*** Opening Input material ***

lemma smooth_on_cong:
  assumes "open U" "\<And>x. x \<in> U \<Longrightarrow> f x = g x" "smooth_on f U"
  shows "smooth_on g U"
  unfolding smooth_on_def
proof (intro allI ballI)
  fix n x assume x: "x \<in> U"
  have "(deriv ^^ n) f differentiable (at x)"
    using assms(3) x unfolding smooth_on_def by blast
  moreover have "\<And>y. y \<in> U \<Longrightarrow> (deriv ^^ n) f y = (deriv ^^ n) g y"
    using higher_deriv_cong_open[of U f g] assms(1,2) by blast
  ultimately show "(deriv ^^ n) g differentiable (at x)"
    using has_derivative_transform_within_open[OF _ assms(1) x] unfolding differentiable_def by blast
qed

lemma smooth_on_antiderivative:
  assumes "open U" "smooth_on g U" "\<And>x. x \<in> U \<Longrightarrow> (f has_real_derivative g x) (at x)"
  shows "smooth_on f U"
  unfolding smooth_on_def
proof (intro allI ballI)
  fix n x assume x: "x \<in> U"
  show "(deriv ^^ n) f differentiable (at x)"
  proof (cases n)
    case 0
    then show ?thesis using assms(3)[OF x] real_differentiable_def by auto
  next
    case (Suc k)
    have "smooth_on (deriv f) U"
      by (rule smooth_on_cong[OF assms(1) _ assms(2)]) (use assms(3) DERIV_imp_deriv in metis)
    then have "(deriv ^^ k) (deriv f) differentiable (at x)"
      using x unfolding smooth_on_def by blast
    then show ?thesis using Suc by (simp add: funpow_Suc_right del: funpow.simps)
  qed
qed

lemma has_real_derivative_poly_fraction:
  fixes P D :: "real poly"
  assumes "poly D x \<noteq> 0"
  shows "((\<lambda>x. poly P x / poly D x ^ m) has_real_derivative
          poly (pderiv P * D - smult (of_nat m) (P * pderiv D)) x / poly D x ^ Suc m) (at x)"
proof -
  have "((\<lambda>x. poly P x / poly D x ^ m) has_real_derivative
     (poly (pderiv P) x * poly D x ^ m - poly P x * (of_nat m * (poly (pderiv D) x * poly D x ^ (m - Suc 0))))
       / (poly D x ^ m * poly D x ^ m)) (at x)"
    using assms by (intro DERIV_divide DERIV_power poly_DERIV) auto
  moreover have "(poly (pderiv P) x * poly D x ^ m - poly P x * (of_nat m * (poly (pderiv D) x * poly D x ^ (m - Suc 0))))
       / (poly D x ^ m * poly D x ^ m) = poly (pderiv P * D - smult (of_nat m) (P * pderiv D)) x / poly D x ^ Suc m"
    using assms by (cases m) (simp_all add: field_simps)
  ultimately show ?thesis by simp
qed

*** Closing Input material ***
*** Opening Input material ***

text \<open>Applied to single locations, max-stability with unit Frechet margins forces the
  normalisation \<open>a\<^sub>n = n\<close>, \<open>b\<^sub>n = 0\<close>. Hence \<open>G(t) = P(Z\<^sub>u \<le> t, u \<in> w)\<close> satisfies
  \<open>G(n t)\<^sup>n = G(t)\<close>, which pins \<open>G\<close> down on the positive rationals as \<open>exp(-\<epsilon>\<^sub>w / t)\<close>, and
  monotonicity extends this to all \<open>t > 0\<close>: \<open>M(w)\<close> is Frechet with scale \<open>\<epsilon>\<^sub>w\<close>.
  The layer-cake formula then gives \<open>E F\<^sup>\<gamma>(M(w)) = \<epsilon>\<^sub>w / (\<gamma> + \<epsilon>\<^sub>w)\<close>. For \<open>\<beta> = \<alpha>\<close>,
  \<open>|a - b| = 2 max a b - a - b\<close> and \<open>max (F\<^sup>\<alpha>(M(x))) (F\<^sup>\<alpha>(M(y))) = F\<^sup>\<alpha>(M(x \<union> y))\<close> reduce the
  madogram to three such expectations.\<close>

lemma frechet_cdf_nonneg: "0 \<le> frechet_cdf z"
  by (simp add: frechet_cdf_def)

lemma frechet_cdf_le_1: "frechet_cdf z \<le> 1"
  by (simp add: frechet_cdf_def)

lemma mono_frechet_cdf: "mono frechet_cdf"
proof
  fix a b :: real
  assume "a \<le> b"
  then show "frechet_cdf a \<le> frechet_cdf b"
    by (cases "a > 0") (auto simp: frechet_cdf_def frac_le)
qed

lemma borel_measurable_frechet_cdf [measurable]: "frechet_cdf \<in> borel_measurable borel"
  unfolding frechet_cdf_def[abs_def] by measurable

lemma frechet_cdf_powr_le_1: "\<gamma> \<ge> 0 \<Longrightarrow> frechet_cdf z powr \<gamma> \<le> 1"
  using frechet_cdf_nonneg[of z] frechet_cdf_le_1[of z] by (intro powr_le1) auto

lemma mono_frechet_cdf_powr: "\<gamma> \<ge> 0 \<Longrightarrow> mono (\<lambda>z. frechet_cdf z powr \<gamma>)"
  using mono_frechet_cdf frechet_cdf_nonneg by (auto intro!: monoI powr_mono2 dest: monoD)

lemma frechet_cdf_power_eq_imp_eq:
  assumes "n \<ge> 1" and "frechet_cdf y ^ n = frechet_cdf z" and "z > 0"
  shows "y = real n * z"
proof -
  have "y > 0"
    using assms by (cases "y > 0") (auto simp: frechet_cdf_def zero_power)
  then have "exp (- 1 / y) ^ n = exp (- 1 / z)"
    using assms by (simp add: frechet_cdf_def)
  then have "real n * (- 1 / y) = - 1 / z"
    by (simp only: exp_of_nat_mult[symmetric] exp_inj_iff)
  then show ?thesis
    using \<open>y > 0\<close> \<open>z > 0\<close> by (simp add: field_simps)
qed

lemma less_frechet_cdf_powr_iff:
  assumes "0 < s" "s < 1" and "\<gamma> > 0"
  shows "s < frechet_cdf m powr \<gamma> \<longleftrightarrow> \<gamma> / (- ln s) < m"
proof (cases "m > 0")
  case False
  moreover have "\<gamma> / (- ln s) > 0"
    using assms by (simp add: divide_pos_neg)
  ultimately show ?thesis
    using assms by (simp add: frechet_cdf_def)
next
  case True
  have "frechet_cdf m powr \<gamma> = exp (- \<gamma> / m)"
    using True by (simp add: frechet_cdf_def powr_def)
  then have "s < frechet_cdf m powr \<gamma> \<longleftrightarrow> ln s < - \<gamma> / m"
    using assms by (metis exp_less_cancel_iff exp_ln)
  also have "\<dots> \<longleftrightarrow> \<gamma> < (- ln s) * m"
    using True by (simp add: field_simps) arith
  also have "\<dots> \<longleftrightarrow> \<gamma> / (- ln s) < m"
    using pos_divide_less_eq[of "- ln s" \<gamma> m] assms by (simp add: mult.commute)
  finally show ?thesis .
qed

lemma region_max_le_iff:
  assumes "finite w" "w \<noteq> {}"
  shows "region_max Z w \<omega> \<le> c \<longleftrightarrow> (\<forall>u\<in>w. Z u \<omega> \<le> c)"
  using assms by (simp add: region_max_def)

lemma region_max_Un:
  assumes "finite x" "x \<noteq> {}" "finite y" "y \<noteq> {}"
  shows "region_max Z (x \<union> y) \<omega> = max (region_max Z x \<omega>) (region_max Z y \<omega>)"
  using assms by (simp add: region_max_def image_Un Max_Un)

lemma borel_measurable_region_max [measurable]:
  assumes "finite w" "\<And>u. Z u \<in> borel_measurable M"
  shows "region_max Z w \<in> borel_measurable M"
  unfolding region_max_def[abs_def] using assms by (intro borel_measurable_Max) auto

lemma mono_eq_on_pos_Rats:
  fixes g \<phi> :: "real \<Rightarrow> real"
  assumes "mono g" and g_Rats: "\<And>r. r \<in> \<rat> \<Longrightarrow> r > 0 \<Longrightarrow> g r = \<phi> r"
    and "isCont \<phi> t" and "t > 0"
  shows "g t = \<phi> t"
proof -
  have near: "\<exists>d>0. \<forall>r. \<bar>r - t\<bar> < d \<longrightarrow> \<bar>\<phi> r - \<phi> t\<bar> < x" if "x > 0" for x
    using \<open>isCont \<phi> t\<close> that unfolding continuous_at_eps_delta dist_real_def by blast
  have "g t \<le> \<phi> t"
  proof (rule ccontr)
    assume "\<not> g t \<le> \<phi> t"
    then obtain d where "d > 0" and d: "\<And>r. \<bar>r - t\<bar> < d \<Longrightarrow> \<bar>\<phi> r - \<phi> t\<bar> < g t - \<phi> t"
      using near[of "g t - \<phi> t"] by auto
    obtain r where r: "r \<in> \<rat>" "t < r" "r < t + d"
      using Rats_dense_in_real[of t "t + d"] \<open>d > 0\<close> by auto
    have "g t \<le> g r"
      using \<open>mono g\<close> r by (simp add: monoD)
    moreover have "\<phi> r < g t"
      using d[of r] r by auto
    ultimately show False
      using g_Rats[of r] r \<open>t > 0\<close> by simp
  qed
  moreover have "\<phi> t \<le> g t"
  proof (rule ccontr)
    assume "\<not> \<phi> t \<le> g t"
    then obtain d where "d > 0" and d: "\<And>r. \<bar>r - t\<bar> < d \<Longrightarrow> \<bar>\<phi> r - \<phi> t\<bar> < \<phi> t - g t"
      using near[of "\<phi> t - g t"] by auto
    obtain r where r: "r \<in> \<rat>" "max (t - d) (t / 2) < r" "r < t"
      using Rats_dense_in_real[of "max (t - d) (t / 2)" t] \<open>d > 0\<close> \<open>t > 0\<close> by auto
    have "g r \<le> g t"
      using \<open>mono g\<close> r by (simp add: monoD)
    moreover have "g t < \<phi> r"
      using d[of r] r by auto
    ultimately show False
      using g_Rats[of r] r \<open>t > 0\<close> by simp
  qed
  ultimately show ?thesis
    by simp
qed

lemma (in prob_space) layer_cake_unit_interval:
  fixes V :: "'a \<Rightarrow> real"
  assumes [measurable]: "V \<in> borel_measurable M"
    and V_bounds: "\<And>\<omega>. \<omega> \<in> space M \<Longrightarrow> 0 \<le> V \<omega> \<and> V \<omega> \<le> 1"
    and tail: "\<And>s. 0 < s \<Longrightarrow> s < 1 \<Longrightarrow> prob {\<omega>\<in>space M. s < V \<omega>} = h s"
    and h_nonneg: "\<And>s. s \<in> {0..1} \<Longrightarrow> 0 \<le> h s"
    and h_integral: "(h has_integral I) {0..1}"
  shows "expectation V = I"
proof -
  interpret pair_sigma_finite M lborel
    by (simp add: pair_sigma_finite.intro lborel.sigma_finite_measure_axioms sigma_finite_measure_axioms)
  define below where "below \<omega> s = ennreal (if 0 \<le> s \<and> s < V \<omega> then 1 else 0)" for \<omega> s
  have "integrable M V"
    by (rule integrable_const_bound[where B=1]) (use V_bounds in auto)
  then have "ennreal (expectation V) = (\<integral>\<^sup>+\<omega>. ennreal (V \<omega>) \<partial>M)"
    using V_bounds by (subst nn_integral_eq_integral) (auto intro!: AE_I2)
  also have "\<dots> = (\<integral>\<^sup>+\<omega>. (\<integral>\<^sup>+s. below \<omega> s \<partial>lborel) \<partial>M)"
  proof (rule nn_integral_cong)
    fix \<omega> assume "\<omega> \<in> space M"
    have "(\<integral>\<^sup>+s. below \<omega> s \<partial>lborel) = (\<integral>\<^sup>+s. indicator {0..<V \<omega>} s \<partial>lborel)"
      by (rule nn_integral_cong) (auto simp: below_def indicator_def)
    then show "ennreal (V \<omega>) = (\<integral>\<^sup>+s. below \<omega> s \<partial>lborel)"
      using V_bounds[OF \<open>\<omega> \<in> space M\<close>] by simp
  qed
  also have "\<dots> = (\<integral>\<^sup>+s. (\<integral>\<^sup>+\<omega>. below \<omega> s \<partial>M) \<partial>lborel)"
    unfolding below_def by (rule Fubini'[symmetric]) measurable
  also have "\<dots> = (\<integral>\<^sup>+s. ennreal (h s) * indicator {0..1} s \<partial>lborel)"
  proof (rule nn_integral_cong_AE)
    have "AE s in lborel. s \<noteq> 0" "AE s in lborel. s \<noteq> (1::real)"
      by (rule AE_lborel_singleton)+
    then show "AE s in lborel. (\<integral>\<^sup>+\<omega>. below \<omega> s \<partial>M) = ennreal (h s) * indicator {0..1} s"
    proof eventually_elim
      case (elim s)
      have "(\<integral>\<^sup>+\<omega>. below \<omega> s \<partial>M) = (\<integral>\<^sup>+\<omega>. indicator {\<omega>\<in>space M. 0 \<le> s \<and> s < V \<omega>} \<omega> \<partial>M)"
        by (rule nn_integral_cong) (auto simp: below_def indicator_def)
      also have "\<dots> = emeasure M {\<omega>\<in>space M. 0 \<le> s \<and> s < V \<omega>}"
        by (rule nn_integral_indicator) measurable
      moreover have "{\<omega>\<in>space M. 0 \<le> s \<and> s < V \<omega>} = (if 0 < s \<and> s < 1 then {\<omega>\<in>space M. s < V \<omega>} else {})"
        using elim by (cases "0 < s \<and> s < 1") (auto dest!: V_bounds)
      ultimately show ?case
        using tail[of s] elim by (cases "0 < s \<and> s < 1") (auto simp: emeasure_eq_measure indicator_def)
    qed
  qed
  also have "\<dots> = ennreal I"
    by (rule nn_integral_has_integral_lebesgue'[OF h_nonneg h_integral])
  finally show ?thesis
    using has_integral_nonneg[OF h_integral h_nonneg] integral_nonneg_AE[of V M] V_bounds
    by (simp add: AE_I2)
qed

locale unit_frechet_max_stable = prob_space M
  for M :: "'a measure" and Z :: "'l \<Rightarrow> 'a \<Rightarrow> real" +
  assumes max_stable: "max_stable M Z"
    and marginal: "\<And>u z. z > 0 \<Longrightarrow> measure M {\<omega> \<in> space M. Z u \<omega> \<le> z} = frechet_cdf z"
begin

*** Closing Input material ***
*** Opening Input material ***

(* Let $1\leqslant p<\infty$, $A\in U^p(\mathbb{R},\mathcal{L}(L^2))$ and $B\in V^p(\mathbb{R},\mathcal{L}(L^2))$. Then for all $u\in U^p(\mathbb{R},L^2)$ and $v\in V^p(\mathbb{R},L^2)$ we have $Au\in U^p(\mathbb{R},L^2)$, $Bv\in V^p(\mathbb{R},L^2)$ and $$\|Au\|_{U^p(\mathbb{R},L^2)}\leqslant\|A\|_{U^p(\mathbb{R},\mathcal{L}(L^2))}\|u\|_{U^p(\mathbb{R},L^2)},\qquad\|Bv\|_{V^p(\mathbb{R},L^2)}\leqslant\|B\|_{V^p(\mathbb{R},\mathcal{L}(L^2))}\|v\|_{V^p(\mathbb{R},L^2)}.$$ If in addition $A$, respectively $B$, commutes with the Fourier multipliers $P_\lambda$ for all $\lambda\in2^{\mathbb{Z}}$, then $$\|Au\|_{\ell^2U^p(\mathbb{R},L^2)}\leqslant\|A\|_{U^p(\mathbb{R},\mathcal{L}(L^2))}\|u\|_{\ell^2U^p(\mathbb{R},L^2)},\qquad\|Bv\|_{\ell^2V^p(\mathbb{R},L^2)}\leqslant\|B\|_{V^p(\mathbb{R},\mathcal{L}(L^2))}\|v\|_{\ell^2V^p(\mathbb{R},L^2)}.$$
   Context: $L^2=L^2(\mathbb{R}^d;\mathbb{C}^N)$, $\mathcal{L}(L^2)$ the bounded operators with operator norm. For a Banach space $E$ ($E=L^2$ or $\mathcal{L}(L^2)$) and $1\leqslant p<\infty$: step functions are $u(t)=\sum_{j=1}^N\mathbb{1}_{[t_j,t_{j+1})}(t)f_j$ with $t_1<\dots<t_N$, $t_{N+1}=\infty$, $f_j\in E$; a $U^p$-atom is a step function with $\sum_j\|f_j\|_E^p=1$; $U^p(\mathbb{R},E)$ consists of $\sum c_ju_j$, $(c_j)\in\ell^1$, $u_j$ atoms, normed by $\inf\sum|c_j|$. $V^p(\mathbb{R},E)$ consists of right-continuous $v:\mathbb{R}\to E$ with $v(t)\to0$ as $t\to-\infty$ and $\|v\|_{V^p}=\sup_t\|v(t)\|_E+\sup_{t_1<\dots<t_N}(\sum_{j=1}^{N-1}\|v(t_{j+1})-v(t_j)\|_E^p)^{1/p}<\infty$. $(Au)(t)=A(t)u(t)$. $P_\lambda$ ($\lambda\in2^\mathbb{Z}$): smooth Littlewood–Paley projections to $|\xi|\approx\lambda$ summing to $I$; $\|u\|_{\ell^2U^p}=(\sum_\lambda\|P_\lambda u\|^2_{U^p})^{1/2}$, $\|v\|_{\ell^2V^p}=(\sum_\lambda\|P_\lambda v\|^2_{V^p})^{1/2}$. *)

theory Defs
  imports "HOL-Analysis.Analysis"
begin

*** Closing Input material ***

## Problem to work on
Go through the entries above and copy out every line that includes the word "rule".

## Exercise solution
      by (rule smooth_on_cong[OF assms(1) _ assms(2)]) (use assms(3) DERIV_imp_deriv in metis)
  proof (rule ccontr)
  proof (rule ccontr)
    by (rule integrable_const_bound[where B=1]) (use V_bounds in auto)
  proof (rule nn_integral_cong)
      by (rule nn_integral_cong) (auto simp: below_def indicator_def)
    unfolding below_def by (rule Fubini'[symmetric]) measurable
  proof (rule nn_integral_cong_AE)
      by (rule AE_lborel_singleton)+
        by (rule nn_integral_cong) (auto simp: below_def indicator_def)
        by (rule nn_integral_indicator) measurable
    by (rule nn_integral_has_integral_lebesgue'[OF h_nonneg h_integral])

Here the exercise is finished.